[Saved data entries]
+===+

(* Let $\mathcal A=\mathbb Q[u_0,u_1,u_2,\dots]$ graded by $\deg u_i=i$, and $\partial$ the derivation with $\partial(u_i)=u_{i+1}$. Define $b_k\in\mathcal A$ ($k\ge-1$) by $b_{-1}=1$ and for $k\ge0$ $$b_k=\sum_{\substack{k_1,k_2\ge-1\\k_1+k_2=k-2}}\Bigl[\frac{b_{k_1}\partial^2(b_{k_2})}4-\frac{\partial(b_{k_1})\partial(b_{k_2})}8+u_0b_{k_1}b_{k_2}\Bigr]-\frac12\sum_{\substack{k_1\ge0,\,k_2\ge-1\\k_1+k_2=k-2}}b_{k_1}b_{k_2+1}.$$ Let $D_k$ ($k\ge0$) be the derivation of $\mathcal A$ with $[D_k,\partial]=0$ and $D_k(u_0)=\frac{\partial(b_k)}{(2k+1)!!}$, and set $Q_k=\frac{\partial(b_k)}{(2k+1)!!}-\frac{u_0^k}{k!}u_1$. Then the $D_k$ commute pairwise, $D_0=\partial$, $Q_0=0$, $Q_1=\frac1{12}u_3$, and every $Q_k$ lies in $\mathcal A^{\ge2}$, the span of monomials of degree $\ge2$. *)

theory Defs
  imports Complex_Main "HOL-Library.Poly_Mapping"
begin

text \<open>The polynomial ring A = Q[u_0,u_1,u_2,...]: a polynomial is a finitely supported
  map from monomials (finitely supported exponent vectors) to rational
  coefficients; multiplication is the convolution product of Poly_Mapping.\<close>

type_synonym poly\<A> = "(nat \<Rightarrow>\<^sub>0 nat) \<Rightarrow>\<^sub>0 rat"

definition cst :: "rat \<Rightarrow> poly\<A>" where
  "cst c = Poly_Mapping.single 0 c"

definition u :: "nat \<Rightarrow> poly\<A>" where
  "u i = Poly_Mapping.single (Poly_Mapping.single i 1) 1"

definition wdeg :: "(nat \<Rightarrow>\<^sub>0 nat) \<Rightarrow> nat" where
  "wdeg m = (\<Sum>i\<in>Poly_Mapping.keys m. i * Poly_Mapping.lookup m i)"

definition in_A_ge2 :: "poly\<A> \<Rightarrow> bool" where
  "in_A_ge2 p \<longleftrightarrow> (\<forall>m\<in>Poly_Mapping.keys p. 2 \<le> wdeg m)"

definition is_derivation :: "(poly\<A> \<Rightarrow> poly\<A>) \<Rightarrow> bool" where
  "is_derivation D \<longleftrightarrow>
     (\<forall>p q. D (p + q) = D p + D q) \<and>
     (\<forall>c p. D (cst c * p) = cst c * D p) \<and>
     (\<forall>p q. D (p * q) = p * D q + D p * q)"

+===+

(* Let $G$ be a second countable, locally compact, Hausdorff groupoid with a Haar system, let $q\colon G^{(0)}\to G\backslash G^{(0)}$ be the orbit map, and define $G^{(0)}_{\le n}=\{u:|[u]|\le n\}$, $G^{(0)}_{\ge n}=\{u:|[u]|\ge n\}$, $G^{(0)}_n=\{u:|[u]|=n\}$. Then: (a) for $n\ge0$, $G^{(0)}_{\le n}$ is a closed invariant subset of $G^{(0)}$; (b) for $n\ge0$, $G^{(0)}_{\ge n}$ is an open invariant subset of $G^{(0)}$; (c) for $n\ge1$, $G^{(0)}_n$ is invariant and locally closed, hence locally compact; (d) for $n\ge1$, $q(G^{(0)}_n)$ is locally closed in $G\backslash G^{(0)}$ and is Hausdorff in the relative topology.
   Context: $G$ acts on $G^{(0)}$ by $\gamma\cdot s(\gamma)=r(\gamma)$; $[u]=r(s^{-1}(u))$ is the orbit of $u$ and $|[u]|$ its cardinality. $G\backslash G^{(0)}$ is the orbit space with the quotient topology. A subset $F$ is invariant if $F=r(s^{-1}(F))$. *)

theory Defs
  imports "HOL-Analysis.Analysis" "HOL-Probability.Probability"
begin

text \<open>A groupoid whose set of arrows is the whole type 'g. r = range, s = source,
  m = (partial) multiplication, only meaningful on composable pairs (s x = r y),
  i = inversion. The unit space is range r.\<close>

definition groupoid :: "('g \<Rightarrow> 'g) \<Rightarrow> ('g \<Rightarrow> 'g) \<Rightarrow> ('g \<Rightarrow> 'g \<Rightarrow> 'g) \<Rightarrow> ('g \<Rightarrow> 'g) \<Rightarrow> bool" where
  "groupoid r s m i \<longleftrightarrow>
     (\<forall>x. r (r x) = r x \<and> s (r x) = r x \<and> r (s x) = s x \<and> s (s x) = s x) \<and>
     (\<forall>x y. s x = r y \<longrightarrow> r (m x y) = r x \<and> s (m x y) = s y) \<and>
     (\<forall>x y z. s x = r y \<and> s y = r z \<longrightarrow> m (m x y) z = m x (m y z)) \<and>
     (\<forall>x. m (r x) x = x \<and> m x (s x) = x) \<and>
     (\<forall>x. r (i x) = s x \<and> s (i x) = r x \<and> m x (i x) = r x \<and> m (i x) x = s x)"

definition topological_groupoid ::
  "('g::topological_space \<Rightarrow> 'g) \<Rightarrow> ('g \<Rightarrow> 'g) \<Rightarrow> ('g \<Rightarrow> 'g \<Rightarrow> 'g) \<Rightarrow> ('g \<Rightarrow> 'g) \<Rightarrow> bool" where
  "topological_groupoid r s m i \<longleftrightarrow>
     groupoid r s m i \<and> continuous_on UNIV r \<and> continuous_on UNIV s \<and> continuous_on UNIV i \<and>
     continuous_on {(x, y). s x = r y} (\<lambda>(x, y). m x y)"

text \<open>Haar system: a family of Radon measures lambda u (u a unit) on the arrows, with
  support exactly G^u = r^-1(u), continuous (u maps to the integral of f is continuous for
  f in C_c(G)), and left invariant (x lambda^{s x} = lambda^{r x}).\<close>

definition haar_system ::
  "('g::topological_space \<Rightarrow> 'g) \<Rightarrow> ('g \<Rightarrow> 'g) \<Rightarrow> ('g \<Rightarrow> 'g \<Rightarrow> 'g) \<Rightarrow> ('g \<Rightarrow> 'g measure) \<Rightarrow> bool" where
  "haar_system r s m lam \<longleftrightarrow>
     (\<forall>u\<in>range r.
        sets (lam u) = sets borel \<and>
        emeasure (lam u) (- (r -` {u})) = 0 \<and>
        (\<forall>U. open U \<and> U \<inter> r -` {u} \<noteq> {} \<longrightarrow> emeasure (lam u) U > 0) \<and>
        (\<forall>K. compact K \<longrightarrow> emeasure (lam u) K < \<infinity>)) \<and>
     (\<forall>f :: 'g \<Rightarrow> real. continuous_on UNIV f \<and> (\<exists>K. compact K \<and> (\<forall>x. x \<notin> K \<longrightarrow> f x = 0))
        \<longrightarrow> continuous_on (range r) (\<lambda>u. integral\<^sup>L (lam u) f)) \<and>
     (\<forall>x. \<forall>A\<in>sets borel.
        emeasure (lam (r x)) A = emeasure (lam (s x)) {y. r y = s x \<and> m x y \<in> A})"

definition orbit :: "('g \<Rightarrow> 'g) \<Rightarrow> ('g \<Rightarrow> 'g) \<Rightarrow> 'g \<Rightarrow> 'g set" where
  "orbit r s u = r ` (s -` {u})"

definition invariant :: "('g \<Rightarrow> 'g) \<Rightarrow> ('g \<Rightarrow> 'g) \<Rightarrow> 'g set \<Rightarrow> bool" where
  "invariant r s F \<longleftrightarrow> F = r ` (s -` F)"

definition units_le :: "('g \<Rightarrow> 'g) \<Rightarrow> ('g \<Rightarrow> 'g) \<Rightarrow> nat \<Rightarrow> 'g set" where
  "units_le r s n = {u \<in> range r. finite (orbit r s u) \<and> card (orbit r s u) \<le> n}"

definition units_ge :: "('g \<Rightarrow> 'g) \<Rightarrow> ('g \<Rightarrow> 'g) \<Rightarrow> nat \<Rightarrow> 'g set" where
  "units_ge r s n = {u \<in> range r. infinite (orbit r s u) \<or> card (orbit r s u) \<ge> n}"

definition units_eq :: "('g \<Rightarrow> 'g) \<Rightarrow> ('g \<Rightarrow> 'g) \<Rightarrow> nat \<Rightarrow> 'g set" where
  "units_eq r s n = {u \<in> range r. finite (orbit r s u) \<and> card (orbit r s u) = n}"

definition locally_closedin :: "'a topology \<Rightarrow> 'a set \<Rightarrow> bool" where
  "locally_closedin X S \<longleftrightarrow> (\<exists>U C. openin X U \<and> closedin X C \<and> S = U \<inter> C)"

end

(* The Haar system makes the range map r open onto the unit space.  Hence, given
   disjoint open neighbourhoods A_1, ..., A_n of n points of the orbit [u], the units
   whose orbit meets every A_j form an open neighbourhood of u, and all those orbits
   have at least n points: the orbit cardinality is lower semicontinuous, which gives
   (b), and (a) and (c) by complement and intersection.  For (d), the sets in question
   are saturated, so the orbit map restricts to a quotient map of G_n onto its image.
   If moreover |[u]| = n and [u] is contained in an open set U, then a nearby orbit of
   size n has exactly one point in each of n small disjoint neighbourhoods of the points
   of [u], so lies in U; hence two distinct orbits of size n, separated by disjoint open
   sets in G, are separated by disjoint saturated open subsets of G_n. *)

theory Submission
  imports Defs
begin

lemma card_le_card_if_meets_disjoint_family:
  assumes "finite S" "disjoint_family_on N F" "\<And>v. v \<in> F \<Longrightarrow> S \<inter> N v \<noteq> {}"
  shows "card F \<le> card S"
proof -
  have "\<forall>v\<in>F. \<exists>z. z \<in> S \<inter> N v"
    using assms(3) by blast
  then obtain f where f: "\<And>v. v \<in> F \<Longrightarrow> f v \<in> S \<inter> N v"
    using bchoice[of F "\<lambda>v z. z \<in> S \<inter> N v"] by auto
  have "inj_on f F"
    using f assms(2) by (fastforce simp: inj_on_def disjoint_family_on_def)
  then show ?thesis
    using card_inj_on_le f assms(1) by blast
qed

+===+

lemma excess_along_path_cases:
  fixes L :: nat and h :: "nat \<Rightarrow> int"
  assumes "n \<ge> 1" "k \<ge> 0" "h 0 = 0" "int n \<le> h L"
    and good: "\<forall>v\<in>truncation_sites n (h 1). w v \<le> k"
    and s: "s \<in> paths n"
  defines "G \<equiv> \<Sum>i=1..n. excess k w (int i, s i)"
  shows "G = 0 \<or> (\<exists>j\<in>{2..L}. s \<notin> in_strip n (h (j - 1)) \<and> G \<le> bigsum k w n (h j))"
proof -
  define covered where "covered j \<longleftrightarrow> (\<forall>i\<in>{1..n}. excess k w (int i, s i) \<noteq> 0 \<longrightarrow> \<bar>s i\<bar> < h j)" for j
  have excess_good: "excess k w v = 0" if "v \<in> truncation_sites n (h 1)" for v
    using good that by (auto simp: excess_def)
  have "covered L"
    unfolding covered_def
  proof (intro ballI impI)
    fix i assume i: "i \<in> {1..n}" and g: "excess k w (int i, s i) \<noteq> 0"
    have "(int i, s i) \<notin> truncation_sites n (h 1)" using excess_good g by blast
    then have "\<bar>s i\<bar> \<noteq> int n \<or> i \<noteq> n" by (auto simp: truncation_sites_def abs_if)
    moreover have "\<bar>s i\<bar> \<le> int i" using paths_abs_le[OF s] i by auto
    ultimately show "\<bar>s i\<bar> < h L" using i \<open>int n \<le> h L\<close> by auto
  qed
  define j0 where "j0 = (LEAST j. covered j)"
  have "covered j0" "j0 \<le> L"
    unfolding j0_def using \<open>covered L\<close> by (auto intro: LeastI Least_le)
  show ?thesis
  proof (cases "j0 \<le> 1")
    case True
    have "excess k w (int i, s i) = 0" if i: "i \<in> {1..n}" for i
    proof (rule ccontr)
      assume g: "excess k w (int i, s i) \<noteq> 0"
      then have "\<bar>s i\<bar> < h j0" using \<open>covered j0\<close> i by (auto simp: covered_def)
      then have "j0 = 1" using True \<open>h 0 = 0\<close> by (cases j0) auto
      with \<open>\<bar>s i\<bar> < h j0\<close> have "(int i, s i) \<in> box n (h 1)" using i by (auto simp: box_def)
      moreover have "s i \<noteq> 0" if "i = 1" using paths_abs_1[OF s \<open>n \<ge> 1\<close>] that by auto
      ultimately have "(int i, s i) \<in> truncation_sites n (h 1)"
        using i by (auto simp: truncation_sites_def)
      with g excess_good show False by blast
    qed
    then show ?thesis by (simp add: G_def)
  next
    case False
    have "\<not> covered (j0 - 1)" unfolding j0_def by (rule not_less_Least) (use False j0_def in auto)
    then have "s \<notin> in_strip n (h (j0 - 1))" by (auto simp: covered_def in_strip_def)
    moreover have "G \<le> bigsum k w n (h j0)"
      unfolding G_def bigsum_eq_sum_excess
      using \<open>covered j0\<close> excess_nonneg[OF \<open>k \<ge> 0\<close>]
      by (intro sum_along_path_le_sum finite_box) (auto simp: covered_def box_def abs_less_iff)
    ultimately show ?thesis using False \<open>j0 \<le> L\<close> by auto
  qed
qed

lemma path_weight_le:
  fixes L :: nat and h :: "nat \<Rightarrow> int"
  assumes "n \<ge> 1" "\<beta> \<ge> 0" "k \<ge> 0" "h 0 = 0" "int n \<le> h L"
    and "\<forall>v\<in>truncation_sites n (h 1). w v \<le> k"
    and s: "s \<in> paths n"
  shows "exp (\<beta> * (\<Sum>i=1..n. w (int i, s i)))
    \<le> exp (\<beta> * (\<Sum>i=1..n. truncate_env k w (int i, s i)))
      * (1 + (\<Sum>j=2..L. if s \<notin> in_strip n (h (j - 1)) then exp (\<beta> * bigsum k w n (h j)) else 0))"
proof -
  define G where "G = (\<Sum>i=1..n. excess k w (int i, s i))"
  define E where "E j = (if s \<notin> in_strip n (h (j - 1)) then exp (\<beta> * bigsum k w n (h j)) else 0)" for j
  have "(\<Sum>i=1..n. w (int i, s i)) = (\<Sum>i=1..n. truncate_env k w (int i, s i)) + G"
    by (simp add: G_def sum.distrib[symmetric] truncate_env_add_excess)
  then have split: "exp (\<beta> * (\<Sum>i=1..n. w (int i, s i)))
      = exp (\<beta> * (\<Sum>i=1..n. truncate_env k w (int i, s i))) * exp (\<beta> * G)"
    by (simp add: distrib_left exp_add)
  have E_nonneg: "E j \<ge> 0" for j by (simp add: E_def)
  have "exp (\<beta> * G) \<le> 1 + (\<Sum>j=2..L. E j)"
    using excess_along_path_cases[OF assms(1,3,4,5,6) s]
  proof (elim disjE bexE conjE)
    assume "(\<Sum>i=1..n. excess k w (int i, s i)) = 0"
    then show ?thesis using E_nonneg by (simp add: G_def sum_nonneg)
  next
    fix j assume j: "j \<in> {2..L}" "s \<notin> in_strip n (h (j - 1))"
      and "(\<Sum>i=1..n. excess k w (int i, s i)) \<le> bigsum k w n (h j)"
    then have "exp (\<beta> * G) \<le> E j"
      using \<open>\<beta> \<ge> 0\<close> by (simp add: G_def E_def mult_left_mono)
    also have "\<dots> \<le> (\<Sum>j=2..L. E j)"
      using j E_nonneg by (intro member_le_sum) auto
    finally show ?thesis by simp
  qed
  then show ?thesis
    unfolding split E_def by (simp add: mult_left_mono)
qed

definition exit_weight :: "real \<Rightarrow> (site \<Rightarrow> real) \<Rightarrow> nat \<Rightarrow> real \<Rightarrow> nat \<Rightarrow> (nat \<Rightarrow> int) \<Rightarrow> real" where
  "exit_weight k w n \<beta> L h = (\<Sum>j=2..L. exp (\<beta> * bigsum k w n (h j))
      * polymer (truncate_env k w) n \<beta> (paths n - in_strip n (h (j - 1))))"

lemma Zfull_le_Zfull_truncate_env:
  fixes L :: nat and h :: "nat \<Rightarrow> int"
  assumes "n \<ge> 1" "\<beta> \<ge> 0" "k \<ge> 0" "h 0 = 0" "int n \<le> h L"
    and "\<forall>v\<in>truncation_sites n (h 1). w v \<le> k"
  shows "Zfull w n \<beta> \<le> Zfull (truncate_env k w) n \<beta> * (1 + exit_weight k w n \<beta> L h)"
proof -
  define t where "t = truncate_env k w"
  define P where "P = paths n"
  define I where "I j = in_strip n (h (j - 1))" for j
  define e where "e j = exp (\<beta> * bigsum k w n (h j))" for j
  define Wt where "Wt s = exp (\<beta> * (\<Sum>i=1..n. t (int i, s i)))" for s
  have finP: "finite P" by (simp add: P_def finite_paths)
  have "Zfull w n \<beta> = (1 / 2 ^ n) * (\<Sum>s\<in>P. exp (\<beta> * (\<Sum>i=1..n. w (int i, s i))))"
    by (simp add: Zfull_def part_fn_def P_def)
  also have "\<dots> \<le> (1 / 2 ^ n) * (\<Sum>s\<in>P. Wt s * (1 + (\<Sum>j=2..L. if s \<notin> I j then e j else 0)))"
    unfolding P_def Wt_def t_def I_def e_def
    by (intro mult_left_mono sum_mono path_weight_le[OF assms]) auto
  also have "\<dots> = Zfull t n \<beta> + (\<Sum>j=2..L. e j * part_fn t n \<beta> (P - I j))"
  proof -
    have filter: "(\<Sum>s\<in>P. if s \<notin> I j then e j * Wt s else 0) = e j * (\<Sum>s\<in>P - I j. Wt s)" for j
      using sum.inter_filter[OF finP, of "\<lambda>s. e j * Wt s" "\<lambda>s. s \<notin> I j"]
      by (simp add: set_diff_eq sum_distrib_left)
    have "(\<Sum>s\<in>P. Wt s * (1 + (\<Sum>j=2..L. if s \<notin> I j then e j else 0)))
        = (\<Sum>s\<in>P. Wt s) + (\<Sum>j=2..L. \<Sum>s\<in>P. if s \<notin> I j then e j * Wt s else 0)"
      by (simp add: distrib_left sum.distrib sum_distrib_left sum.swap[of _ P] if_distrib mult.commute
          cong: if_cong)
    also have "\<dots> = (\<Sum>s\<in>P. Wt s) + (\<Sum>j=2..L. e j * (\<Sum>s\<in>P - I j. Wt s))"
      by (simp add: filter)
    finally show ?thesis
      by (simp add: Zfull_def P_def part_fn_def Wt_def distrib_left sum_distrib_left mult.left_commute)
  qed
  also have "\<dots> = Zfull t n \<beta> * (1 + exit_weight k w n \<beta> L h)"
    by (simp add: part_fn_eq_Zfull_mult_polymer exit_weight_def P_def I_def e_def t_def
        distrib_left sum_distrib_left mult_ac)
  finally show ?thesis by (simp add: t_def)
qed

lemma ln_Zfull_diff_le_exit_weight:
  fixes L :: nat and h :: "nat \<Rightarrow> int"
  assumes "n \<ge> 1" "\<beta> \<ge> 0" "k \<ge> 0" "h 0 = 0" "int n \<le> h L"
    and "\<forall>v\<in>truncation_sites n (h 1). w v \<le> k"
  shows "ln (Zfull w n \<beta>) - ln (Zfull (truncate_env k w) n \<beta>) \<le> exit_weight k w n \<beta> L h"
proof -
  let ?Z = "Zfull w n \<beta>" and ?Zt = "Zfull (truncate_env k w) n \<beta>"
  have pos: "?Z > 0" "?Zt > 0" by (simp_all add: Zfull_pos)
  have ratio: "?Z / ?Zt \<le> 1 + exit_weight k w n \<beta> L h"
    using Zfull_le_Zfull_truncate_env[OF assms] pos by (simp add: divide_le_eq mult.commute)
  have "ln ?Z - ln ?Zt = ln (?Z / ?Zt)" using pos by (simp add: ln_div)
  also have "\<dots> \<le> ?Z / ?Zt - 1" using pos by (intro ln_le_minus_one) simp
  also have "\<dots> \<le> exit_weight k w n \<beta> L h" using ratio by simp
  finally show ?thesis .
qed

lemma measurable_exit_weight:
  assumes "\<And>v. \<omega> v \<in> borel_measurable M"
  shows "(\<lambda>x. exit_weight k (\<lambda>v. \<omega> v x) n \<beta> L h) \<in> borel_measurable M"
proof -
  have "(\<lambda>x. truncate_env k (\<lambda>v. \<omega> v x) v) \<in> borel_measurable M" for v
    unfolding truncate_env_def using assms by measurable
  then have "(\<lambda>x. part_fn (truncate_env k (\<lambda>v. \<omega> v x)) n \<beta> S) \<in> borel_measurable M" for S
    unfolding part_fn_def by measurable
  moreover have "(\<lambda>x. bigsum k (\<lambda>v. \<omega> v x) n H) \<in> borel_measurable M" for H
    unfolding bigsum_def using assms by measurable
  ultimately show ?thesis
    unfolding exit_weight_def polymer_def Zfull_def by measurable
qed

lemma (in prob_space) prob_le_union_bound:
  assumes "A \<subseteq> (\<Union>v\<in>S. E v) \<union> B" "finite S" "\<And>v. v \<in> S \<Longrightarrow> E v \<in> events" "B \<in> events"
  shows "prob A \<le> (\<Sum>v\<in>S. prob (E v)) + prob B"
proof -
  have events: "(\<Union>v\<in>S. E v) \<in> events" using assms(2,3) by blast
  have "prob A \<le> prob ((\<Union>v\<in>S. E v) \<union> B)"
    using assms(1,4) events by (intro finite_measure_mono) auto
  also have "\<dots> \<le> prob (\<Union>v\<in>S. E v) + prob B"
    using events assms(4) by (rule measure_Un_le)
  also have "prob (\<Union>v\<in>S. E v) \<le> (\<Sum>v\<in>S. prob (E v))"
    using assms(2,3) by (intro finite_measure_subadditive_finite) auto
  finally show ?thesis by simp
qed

+===+

WHAT YOU NEED TO DO: Retype only the stretch of lines above starting at the one with "(\<forall>u\<in>range r." and stopping at the one with "topology \<Rightarrow> 'a", exactly as written, with both kept.

EXERCISE RESULT:
     (\<forall>u\<in>range r.
        sets (lam u) = sets borel \<and>
        emeasure (lam u) (- (r -` {u})) = 0 \<and>
        (\<forall>U. open U \<and> U \<inter> r -` {u} \<noteq> {} \<longrightarrow> emeasure (lam u) U > 0) \<and>
        (\<forall>K. compact K \<longrightarrow> emeasure (lam u) K < \<infinity>)) \<and>
     (\<forall>f :: 'g \<Rightarrow> real. continuous_on UNIV f \<and> (\<exists>K. compact K \<and> (\<forall>x. x \<notin> K \<longrightarrow> f x = 0))
        \<longrightarrow> continuous_on (range r) (\<lambda>u. integral\<^sup>L (lam u) f)) \<and>
     (\<forall>x. \<forall>A\<in>sets borel.
        emeasure (lam (r x)) A = emeasure (lam (s x)) {y. r y = s x \<and> m x y \<in> A})"

definition orbit :: "('g \<Rightarrow> 'g) \<Rightarrow> ('g \<Rightarrow> 'g) \<Rightarrow> 'g \<Rightarrow> 'g set" where
  "orbit r s u = r ` (s -` {u})"

definition invariant :: "('g \<Rightarrow> 'g) \<Rightarrow> ('g \<Rightarrow> 'g) \<Rightarrow> 'g set \<Rightarrow> bool" where
  "invariant r s F \<longleftrightarrow> F = r ` (s -` F)"

definition units_le :: "('g \<Rightarrow> 'g) \<Rightarrow> ('g \<Rightarrow> 'g) \<Rightarrow> nat \<Rightarrow> 'g set" where
  "units_le r s n = {u \<in> range r. finite (orbit r s u) \<and> card (orbit r s u) \<le> n}"

definition units_ge :: "('g \<Rightarrow> 'g) \<Rightarrow> ('g \<Rightarrow> 'g) \<Rightarrow> nat \<Rightarrow> 'g set" where
  "units_ge r s n = {u \<in> range r. infinite (orbit r s u) \<or> card (orbit r s u) \<ge> n}"

definition units_eq :: "('g \<Rightarrow> 'g) \<Rightarrow> ('g \<Rightarrow> 'g) \<Rightarrow> nat \<Rightarrow> 'g set" where
  "units_eq r s n = {u \<in> range r. finite (orbit r s u) \<and> card (orbit r s u) = n}"

definition locally_closedin :: "'a topology \<Rightarrow> 'a set \<Rightarrow> bool" where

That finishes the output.